→ Prompt: Please copy, character for character, each line from the beginning of the listing to the line containing "B k l) * X l))", including both.

→ Provided data:

text \<open>Maximum principle: at a maximum point of \<open>x\<close> the maximum is at most \<open>\<beta>\<close> times itself.\<close>
lemma subsolution_nonpos:
  assumes sub: "\<And>k. x k \<le> \<beta> * (\<Sum>l\<in>UNIV. Q k l * x l)"
  shows "x k \<le> 0"
proof -
  define M where "M = Max (range x)"
  have le_M: "x l \<le> M" for l
    unfolding M_def by (rule Max_ge) auto
  have "M \<in> range x"
    unfolding M_def by (rule Max_in) auto
  then obtain k0 where k0: "x k0 = M"
    by auto
  have "(\<Sum>l\<in>UNIV. Q k0 l * x l) \<le> (\<Sum>l\<in>UNIV. Q k0 l * M)"
    by (intro sum_mono mult_left_mono le_M nonneg)
  also have "\<dots> = M"
    by (simp add: sum_distrib_right[symmetric] stoch)
  finally have "M \<le> \<beta> * M"
    using sub[of k0] k0 beta(1) by (metis mult_left_mono order_trans)
  then have "M \<le> 0"
    using beta(2) by (smt (verit) mult_less_cancel_right2)
  then show ?thesis
    using le_M[of k] by simp
qed

lemma fixpoint_zero:
  assumes fixpoint: "\<And>k. x k = \<beta> * (\<Sum>l\<in>UNIV. Q k l * x l)"
  shows "x k = 0"
proof -
  have "x k \<le> 0"
    by (rule subsolution_nonpos) (rule eq_refl, rule fixpoint)
  moreover have "- x k \<le> 0"
  proof (rule subsolution_nonpos)
    show "- x l \<le> \<beta> * (\<Sum>m\<in>UNIV. Q l m * - x m)" for l
      using fixpoint[of l] by (simp add: sum_negf)
  qed
  ultimately show ?thesis
    by simp
qed

lemma solution_ge_source:
  assumes a_nonneg: "\<And>k. 0 \<le> a k"
    and x: "\<And>k. x k = a k + \<beta> * (\<Sum>l\<in>UNIV. Q k l * x l)"
  shows "a k \<le> x k"
proof -
  have "- x l \<le> 0" for l
  proof (rule subsolution_nonpos)
    show "- x k \<le> \<beta> * (\<Sum>l\<in>UNIV. Q k l * - x l)" for k
      using x[of k] a_nonneg[of k] by (simp add: sum_negf)
  qed
  then have "0 \<le> \<beta> * (\<Sum>l\<in>UNIV. Q k l * x l)"
    using beta(1) nonneg by (simp add: sum_nonneg)
  then show ?thesis
    using x[of k] by simp
qed

end

lemma discounted_equation_diff:
  fixes X Y r r' :: "'s::finite \<Rightarrow> real" and A B :: "'s \<Rightarrow> 's \<Rightarrow> real"
  assumes X: "\<And>k. X k = r k + \<beta> * (\<Sum>l\<in>UNIV. A k l * X l)"
    and Y: "\<And>k. Y k = r' k + \<beta> * (\<Sum>l\<in>UNIV. B k l * Y l)"
  shows "X k - Y k = (r k - r' k + \<beta> * (\<Sum>l\<in>UNIV. (A k l - B k l) * X l))
           + \<beta> * (\<Sum>l\<in>UNIV. B k l * (X l - Y l))"
proof -
  have "(\<Sum>l\<in>UNIV. A k l * X l) - (\<Sum>l\<in>UNIV. B k l * Y l)
      = (\<Sum>l\<in>UNIV. A k l * X l - B k l * Y l)"
    by (rule sum_subtractf[symmetric])
  also have "\<dots> = (\<Sum>l\<in>UNIV. (A k l - B k l) * X l + B k l * (X l - Y l))"
    by (rule sum.cong) (simp_all add: algebra_simps)
  also have "\<dots> = (\<Sum>l\<in>UNIV. (A k l - B k l) * X l) + (\<Sum>l\<in>UNIV. B k l * (X l - Y l))"
    by (rule sum.distrib)
  finally have "(\<Sum>l\<in>UNIV. A k l * X l) - (\<Sum>l\<in>UNIV. B k l * Y l)
      = (\<Sum>l\<in>UNIV. (A k l - B k l) * X l) + (\<Sum>l\<in>UNIV. B k l * (X l - Y l))" .
  then show ?thesis
    using X[of k] Y[of k] by (simp add: algebra_simps)
qed

locale restless_bandit =
  P0: discounted_chain P0 \<beta> + P1: discounted_chain P1 \<beta>
  for P0 P1 :: "'s::finite \<Rightarrow> 's \<Rightarrow> real" and \<beta> :: real +
  fixes h0 h1 \<theta> :: "'s \<Rightarrow> real" and N1 :: "'s set"
begin

abbreviation "P S \<equiv> polP P0 P1 N1 S"
abbreviation "v S \<equiv> vS \<beta> P0 P1 h0 h1 N1 S"
abbreviation "b S \<equiv> bS \<beta> P0 P1 \<theta> N1 S"
abbreviation "w S \<equiv> wS \<beta> P0 P1 \<theta> N1 S"

definition marginal_cost :: "'s set \<Rightarrow> 's \<Rightarrow> real" where
  "marginal_cost S j = h0 j - h1 j - \<beta> * (\<Sum>k\<in>UNIV. (P1 j k - P0 j k) * v S k)"

lemma discounted_chain_polP: "discounted_chain (P S) \<beta>"
proof
  show "0 \<le> P S i j" for i j
    unfolding polP_def using P0.nonneg P1.nonneg by auto
  show "(\<Sum>j\<in>UNIV. P S i j) = 1" for i
    by (cases "i \<in> S \<union> N1") (auto simp: polP_def P0.stoch P1.stoch)
qed (use P0.beta in auto)

lemma vS_bellman:
  "v S i = (if i \<in> S \<union> N1 then h1 i else h0 i) + \<beta> * (\<Sum>k\<in>UNIV. P S i k * v S k)"
  unfolding vS_def by (subst discounted_chain.disc_val_bellman[OF discounted_chain_polP]) simp

lemma bS_bellman:
  "b S i = (if i \<in> S \<union> N1 then \<theta> i else 0) + \<beta> * (\<Sum>k\<in>UNIV. P S i k * b S k)"
  unfolding bS_def by (subst discounted_chain.disc_val_bellman[OF discounted_chain_polP]) simp

context
  fixes S i
  assumes i_in_S: "i \<in> S" and i_notin_N1: "i \<notin> N1"
begin

lemma vS_remove_diff:
  "v S k - v (S - {i}) k = (if k = i then - marginal_cost S i else 0)
     + \<beta> * (\<Sum>l\<in>UNIV. P (S - {i}) k l * (v S l - v (S - {i}) l))"
  using i_in_S i_notin_N1
  by (subst discounted_equation_diff[OF vS_bellman vS_bellman])
     (auto simp: polP_def marginal_cost_def algebra_simps)

lemma bS_remove_diff:
  "b S k - b (S - {i}) k = (if k = i then w S i else 0)
     + \<beta> * (\<Sum>l\<in>UNIV. P (S - {i}) k l * (b S l - b (S - {i}) l))"
  using i_in_S i_notin_N1
  by (subst discounted_equation_diff[OF bS_bellman bS_bellman])
     (auto simp: polP_def wS_def algebra_simps)

lemma remove_diff_balance:
  "w S i * (v S k - v (S - {i}) k) + marginal_cost S i * (b S k - b (S - {i}) k) = 0"
proof (rule discounted_chain.fixpoint_zero[OF discounted_chain_polP])
  define Dv where "Dv l = v S l - v (S - {i}) l" for l
  define Db where "Db l = b S l - b (S - {i}) l" for l
  fix k
  have "(\<Sum>l\<in>UNIV. P (S - {i}) k l * (w S i * Dv l + marginal_cost S i * Db l))
      = w S i * (\<Sum>l\<in>UNIV. P (S - {i}) k l * Dv l)
        + marginal_cost S i * (\<Sum>l\<in>UNIV. P (S - {i}) k l * Db l)"
    by (simp add: sum.distrib sum_distrib_left algebra_simps)
  then show "w S i * Dv k + marginal_cost S i * Db k =
      \<beta> * (\<Sum>l\<in>UNIV. P (S - {i}) k l * (w S i * Dv l + marginal_cost S i * Db l))"
    using vS_remove_diff[of k, folded Dv_def] bS_remove_diff[of k, folded Db_def]
    by (simp add: algebra_simps)
qed

lemma wS_le_bS_remove_diff:
  assumes "0 \<le> w S i"
  shows "w S i \<le> b S i - b (S - {i}) i"
proof -
  have "(if i = i then w S i else 0) \<le> b S i - b (S - {i}) i"
  proof (rule discounted_chain.solution_ge_source[OF discounted_chain_polP, where
        a = "\<lambda>k. if k = i then w S i else 0" and x = "\<lambda>k. b S k - b (S - {i}) k" and k = i])
    show "0 \<le> (if k = i then w S i else 0)" for k
      using assms by simp
    show "b S k - b (S - {i}) k = (if k = i then w S i else 0)
        + \<beta> * (\<Sum>l\<in>UNIV. P (S - {i}) k l * (b S l - b (S - {i}) l))" for k
      by (rule bS_remove_diff)
  qed
  then show ?thesis
    by simp
qed

lemma marginal_rate_eq:
  assumes "0 < w S i"
  shows "(v (S - {i}) i - v S i) / (b S i - b (S - {i}) i) = marginal_cost S i / w S i"
proof -
  have "0 < b S i - b (S - {i}) i"
    using wS_le_bS_remove_diff assms by fastforce
  then show ?thesis
    using remove_diff_balance[of i] assms by (simp add: field_simps)
qed
lemma weakly_coherent_iff_rooted_binary_conflict:
  assumes cs: "config_structure E C" and ci: "closed_ne_inter C"
  shows "weakly_coherent C \<longleftrightarrow> rooted C \<and> binary_conflict E C"
proof
  assume w: "weakly_coherent C"
  have "rooted C"
    using w[unfolded weakly_coherent_def, rule_format, of "{}"] unfolding rooted_def by simp
  moreover have "binary_conflict E C" unfolding binary_conflict_def all_card_le_2_subsets_iff
  proof (intro allI impI, elim conjE)
    fix X assume H: "\<forall>a\<in>X. \<forall>b\<in>X. \<exists>z\<in>C. {a, b} \<subseteq> z \<and> z \<subseteq> X"
    define A where "A = (\<lambda>e. cl C {e}) ` X"
    have pair: "\<exists>z\<in>C. cl C {a} \<union> cl C {b} \<subseteq> z \<and> z \<subseteq> X"
      if ab: "a \<in> X" "b \<in> X" for a b
    proof -
      obtain z where "z \<in> C" "{a, b} \<subseteq> z" "z \<subseteq> X"
        using H ab by blast
      then show ?thesis
        using cl_pair_subset[of z C a b] by blast
    qed
    have "cl C {e} \<in> C \<and> cl C {e} \<subseteq> X" if e: "e \<in> X" for e
    proof -
      obtain z where "z \<in> C" "cl C {e} \<subseteq> z" "z \<subseteq> X"
        using pair[OF e e] by auto
      then show ?thesis
        using cl_in[OF ci, of "{e}"] subset_cl[of "{e}" C] unfolding consistent_def by blast
    qed
    then have "A \<subseteq> C" "\<Union>A \<subseteq> X"
      unfolding A_def by auto
    moreover have "\<forall>x\<in>A. \<forall>y\<in>A. \<exists>z\<in>C. x \<union> y \<subseteq> z \<and> z \<subseteq> \<Union>A"
    proof (intro ballI)
      fix x y assume xy: "x \<in> A" "y \<in> A"
      obtain a b where ab: "a \<in> X" "b \<in> X" "x = cl C {a}" "y = cl C {b}"
        using xy unfolding A_def by blast
      obtain z where "z \<in> C" "x \<union> y \<subseteq> z" "z \<subseteq> X"
        using pair[OF ab(1,2)] ab(3,4) by blast
      moreover have "X \<subseteq> \<Union>A"
        unfolding A_def by (rule subset_Union_cl_singletons)
      ultimately show "\<exists>z\<in>C. x \<union> y \<subseteq> z \<and> z \<subseteq> \<Union>A"
        by blast
    qed
    ultimately have "\<Union>A \<in> C"
      using w[unfolded weakly_coherent_def, rule_format, OF conjI] by blast
    moreover have "X \<subseteq> \<Union>A"
      unfolding A_def by (rule subset_Union_cl_singletons)
    ultimately show "X \<in> C"
      using \<open>\<Union>A \<subseteq> X\<close> by auto
  qed
  ultimately show "rooted C \<and> binary_conflict E C" ..
next
  assume "rooted C \<and> binary_conflict E C"
  then have r: "{} \<in> C" and b: "binary_conflict E C"
    unfolding rooted_def by auto
  show "weakly_coherent C" unfolding weakly_coherent_def
  proof (intro allI impI, elim conjE)
    fix A assume "A \<subseteq> C" and H: "\<forall>x\<in>A. \<forall>y\<in>A. \<exists>z\<in>C. x \<union> y \<subseteq> z \<and> z \<subseteq> \<Union>A"
    have "\<forall>a\<in>\<Union>A. \<forall>b\<in>\<Union>A. \<exists>z\<in>C. {a, b} \<subseteq> z \<and> z \<subseteq> \<Union>A"
    proof (intro ballI)
      fix a b assume "a \<in> \<Union>A" "b \<in> \<Union>A"
      then obtain x y where "x \<in> A" "y \<in> A" "a \<in> x" "b \<in> y"
        by blast
      moreover obtain z where "z \<in> C" "x \<union> y \<subseteq> z" "z \<subseteq> \<Union>A"
        using H \<open>x \<in> A\<close> \<open>y \<in> A\<close> by blast
      ultimately show "\<exists>z\<in>C. {a, b} \<subseteq> z \<and> z \<subseteq> \<Union>A"
        by blast
    qed
    moreover have "\<Union>A \<subseteq> E"
      using \<open>A \<subseteq> C\<close> cs unfolding config_structure_def by blast
    ultimately show "\<Union>A \<in> C"
      using r b[unfolded binary_conflict_def all_card_le_2_subsets_iff, rule_format, of "\<Union>A"]
      by blast
  qed
qed

lemma fin_consistent_imp_consistent:
  assumes ci: "closed_ne_inter C" and cu: "closed_fin_compatible_unions C"
    and fc: "fin_consistent C X"
  shows "consistent C X"
proof -
  define A where "A = cl C ` {Y. finite Y \<and> Y \<subseteq> X}"
  have "A \<subseteq> C"
    using fc cl_in[OF ci] unfolding A_def fin_consistent_def by blast
  moreover have "consistent C (\<Union>F)" if F: "F \<subseteq> A \<and> finite F" for F
  proof -
    have "A \<noteq> {}" "directed A"
      unfolding A_def using directed_cl_finite_subsets by auto
    then obtain z where "z \<in> A" "\<Union>F \<subseteq> z"
      using directed_finite_bound[of A F] F by blast
    then show "consistent C (\<Union>F)"
      using \<open>A \<subseteq> C\<close> unfolding consistent_def by blast
  qed
  ultimately have "\<Union>A \<in> C"
    using cu[unfolded closed_fin_compatible_unions_def, rule_format, of A] by blast
  then show ?thesis
    using subset_Union_cl_finite_subsets[of X C] unfolding A_def consistent_def by blast
qed

lemma closed_fin_compatible_unions_iff_fin_consistent_unions:
  assumes ci: "closed_ne_inter C"
  shows "closed_fin_compatible_unions C \<longleftrightarrow> closed_fin_consistent_unions C"
proof
  assume cu: "closed_fin_compatible_unions C"
  show "closed_fin_consistent_unions C" unfolding closed_fin_consistent_unions_def
  proof (intro allI impI, elim conjE)
    fix A assume "A \<subseteq> C" "fin_consistent C (\<Union>A)"
    then have "consistent C (\<Union>F)" if "F \<subseteq> A \<and> finite F" for F
      using fin_consistent_imp_consistent[OF ci cu] fin_consistent_subset[of C "\<Union>A" "\<Union>F"] that
      by blast
    then show "\<Union>A \<in> C"
      using cu[unfolded closed_fin_compatible_unions_def, rule_format, of A] \<open>A \<subseteq> C\<close> by blast
  qed
next
  assume cu: "closed_fin_consistent_unions C"
  show "closed_fin_compatible_unions C" unfolding closed_fin_compatible_unions_def
  proof (intro allI impI, elim conjE)
    fix A assume "A \<subseteq> C" and H: "\<forall>F. F \<subseteq> A \<and> finite F \<longrightarrow> consistent C (\<Union>F)"
    have "fin_consistent C (\<Union>A)" unfolding fin_consistent_def
    proof (intro allI impI, elim conjE)
      fix Y assume "Y \<subseteq> \<Union>A" "finite Y"
      then obtain F where "finite F" "F \<subseteq> A" "Y \<subseteq> \<Union>F"
        using \<open>finite Y\<close> by (metis finite_subset_Union)
      then show "consistent C Y"
        using H consistent_subset by blast
    qed
    then show "\<Union>A \<in> C"
      using cu[unfolded closed_fin_consistent_unions_def, rule_format, of A] \<open>A \<subseteq> C\<close> by blast
  qed
qed

lemma pw_consistent_imp_consistent:
  assumes ci: "closed_ne_inter C" and co: "coherent C" and pw: "pw_consistent C X"
  shows "consistent C X"
proof -
  define A where "A = (\<lambda>e. cl C {e}) ` X"
  have pair: "consistent C (cl C {a} \<union> cl C {b})" if ab: "a \<in> X" "b \<in> X" for a b
  proof -
    obtain z where "z \<in> C" "{a, b} \<subseteq> z"
      using pw ab unfolding pw_consistent_iff consistent_def by blast
    then show ?thesis
      using cl_pair_subset[of z C a b] unfolding consistent_def by blast
  qed
  have "consistent C {e}" if "e \<in> X" for e
    using pw that unfolding pw_consistent_iff by (metis insert_absorb2)
  then have "A \<subseteq> C"
    using cl_in[OF ci] unfolding A_def by blast
  then have "\<Union>A \<in> C"
    using co[unfolded coherent_def, rule_format, of A] pair unfolding A_def by blast
  then show ?thesis
    using subset_Union_cl_singletons[of X C] unfolding A_def consistent_def by blast
qed

lemma coherent_iff_rooted_pw_consistent_unions:
  assumes ci: "closed_ne_inter C"
  shows "coherent C \<longleftrightarrow> rooted C \<and> closed_pw_consistent_unions C"
proof
  assume co: "coherent C"
  have "rooted C"
    using co[unfolded coherent_def, rule_format, of "{}"] unfolding rooted_def by simp
  moreover have "closed_pw_consistent_unions C" unfolding closed_pw_consistent_unions_def
  proof (intro allI impI, elim conjE)
    fix A assume "A \<subseteq> C" "pw_consistent C (\<Union>A)"
    then have "consistent C (x \<union> y)" if "x \<in> A" "y \<in> A" for x y
      using pw_consistent_imp_consistent[OF ci co] pw_consistent_subset[of C "\<Union>A" "x \<union> y"] that
      by blast
    then show "\<Union>A \<in> C"
      using co[unfolded coherent_def, rule_format, of A] \<open>A \<subseteq> C\<close> by blast
  qed
  ultimately show "rooted C \<and> closed_pw_consistent_unions C" ..
next
  assume "rooted C \<and> closed_pw_consistent_unions C"
  then have r: "{} \<in> C" and p: "closed_pw_consistent_unions C"
    unfolding rooted_def by auto
  show "coherent C" unfolding coherent_def
  proof (intro allI impI, elim conjE)
    fix A assume "A \<subseteq> C" and H: "\<forall>x\<in>A. \<forall>y\<in>A. consistent C (x \<union> y)"
    have "consistent C {a, b}" if ab: "a \<in> \<Union>A" "b \<in> \<Union>A" for a b
    proof -
      obtain x y where "x \<in> A" "y \<in> A" "a \<in> x" "b \<in> y"
        using ab by blast
      then show ?thesis
        using H consistent_subset[of C "x \<union> y" "{a, b}"] by blast
    qed
    then have "pw_consistent C (\<Union>A)"
      using r unfolding pw_consistent_iff by blast
    then show "\<Union>A \<in> C"
      using p[unfolded closed_pw_consistent_unions_def, rule_format, of A] \<open>A \<subseteq> C\<close> by blast
  qed
qed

→ Response for this exercise:
text \<open>Maximum principle: at a maximum point of \<open>x\<close> the maximum is at most \<open>\<beta>\<close> times itself.\<close>
lemma subsolution_nonpos:
  assumes sub: "\<And>k. x k \<le> \<beta> * (\<Sum>l\<in>UNIV. Q k l * x l)"
  shows "x k \<le> 0"
proof -
  define M where "M = Max (range x)"
  have le_M: "x l \<le> M" for l
    unfolding M_def by (rule Max_ge) auto
  have "M \<in> range x"
    unfolding M_def by (rule Max_in) auto
  then obtain k0 where k0: "x k0 = M"
    by auto
  have "(\<Sum>l\<in>UNIV. Q k0 l * x l) \<le> (\<Sum>l\<in>UNIV. Q k0 l * M)"
    by (intro sum_mono mult_left_mono le_M nonneg)
  also have "\<dots> = M"
    by (simp add: sum_distrib_right[symmetric] stoch)
  finally have "M \<le> \<beta> * M"
    using sub[of k0] k0 beta(1) by (metis mult_left_mono order_trans)
  then have "M \<le> 0"
    using beta(2) by (smt (verit) mult_less_cancel_right2)
  then show ?thesis
    using le_M[of k] by simp
qed

lemma fixpoint_zero:
  assumes fixpoint: "\<And>k. x k = \<beta> * (\<Sum>l\<in>UNIV. Q k l * x l)"
  shows "x k = 0"
proof -
  have "x k \<le> 0"
    by (rule subsolution_nonpos) (rule eq_refl, rule fixpoint)
  moreover have "- x k \<le> 0"
  proof (rule subsolution_nonpos)
    show "- x l \<le> \<beta> * (\<Sum>m\<in>UNIV. Q l m * - x m)" for l
      using fixpoint[of l] by (simp add: sum_negf)
  qed
  ultimately show ?thesis
    by simp
qed

lemma solution_ge_source:
  assumes a_nonneg: "\<And>k. 0 \<le> a k"
    and x: "\<And>k. x k = a k + \<beta> * (\<Sum>l\<in>UNIV. Q k l * x l)"
  shows "a k \<le> x k"
proof -
  have "- x l \<le> 0" for l
  proof (rule subsolution_nonpos)
    show "- x k \<le> \<beta> * (\<Sum>l\<in>UNIV. Q k l * - x l)" for k
      using x[of k] a_nonneg[of k] by (simp add: sum_negf)
  qed
  then have "0 \<le> \<beta> * (\<Sum>l\<in>UNIV. Q k l * x l)"
    using beta(1) nonneg by (simp add: sum_nonneg)
  then show ?thesis
    using x[of k] by simp
qed

end

lemma discounted_equation_diff:
  fixes X Y r r' :: "'s::finite \<Rightarrow> real" and A B :: "'s \<Rightarrow> 's \<Rightarrow> real"
  assumes X: "\<And>k. X k = r k + \<beta> * (\<Sum>l\<in>UNIV. A k l * X l)"
    and Y: "\<And>k. Y k = r' k + \<beta> * (\<Sum>l\<in>UNIV. B k l * Y l)"
  shows "X k - Y k = (r k - r' k + \<beta> * (\<Sum>l\<in>UNIV. (A k l - B k l) * X l))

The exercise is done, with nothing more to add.